• [What you need to do]:
How many lines in the data below contain the string "proof"? Answer with the number only.

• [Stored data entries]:

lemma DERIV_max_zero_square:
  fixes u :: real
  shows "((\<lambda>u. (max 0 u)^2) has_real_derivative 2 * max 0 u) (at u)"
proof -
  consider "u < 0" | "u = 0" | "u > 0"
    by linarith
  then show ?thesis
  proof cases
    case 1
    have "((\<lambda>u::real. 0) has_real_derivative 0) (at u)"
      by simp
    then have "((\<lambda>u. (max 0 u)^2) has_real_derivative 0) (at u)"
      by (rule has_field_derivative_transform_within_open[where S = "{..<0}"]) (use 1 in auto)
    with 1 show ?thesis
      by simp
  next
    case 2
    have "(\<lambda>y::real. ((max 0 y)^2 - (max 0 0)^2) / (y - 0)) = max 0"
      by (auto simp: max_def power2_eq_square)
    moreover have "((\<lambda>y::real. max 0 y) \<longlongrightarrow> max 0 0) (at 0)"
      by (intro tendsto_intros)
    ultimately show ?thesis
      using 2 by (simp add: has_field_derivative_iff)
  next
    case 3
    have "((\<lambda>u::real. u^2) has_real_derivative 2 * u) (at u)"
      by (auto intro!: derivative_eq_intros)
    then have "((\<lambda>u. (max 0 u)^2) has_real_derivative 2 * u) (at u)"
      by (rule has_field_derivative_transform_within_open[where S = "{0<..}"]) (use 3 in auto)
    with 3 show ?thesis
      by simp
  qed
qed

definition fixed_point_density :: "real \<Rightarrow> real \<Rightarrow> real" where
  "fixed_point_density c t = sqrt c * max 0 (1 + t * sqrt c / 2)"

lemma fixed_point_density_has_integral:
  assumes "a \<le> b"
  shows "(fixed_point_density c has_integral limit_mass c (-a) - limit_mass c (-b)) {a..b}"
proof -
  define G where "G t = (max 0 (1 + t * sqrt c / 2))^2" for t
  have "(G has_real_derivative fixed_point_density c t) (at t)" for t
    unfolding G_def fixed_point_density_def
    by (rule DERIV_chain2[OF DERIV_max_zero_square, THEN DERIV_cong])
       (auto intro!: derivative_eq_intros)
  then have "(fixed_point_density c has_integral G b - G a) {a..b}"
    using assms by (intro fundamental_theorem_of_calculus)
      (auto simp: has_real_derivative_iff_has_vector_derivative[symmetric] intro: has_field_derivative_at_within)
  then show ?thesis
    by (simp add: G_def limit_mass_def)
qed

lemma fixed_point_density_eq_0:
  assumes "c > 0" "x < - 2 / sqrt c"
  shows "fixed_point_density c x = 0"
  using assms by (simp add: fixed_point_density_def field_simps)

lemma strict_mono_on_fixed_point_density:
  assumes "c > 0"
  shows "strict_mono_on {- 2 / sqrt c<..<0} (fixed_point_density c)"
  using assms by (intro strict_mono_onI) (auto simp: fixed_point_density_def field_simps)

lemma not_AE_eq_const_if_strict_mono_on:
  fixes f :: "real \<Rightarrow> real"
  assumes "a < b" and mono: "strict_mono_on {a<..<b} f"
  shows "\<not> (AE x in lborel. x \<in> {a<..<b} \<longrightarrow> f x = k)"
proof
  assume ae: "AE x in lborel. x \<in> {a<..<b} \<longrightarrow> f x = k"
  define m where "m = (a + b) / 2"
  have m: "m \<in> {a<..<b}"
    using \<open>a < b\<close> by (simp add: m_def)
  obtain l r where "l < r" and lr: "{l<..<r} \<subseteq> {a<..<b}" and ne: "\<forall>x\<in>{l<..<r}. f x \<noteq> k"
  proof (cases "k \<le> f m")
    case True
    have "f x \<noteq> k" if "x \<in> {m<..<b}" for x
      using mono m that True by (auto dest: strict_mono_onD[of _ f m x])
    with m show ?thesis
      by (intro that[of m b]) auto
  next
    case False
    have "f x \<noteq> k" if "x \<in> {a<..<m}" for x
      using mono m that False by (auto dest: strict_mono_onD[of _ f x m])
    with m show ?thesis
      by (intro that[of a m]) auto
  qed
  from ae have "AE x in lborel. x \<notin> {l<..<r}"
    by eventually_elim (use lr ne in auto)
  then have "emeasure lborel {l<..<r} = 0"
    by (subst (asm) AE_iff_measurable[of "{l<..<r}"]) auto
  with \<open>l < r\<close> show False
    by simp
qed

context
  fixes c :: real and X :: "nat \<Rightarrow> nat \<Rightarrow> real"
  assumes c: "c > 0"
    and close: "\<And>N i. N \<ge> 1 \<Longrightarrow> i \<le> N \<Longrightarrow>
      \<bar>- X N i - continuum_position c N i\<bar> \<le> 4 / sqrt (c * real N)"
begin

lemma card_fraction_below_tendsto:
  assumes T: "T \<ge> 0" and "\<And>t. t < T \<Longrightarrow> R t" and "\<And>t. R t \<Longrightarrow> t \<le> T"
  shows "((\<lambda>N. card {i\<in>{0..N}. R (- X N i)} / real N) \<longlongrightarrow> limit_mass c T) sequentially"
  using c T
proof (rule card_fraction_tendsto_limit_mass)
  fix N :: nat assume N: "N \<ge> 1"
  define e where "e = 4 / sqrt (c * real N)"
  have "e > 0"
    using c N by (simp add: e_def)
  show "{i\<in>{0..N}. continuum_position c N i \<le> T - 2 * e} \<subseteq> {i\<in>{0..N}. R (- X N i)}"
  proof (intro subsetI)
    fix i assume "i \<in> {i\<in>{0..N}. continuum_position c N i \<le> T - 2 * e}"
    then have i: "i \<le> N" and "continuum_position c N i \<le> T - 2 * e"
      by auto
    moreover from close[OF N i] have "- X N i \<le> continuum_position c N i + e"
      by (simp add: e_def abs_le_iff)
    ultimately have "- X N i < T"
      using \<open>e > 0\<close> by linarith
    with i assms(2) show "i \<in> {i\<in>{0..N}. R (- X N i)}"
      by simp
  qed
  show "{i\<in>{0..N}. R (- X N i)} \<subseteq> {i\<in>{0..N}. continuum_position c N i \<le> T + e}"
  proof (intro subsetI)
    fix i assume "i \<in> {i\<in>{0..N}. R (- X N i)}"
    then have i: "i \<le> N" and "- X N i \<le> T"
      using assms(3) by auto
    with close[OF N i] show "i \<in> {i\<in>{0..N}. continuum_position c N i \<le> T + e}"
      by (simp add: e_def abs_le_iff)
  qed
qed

• [Exercise answer]:
8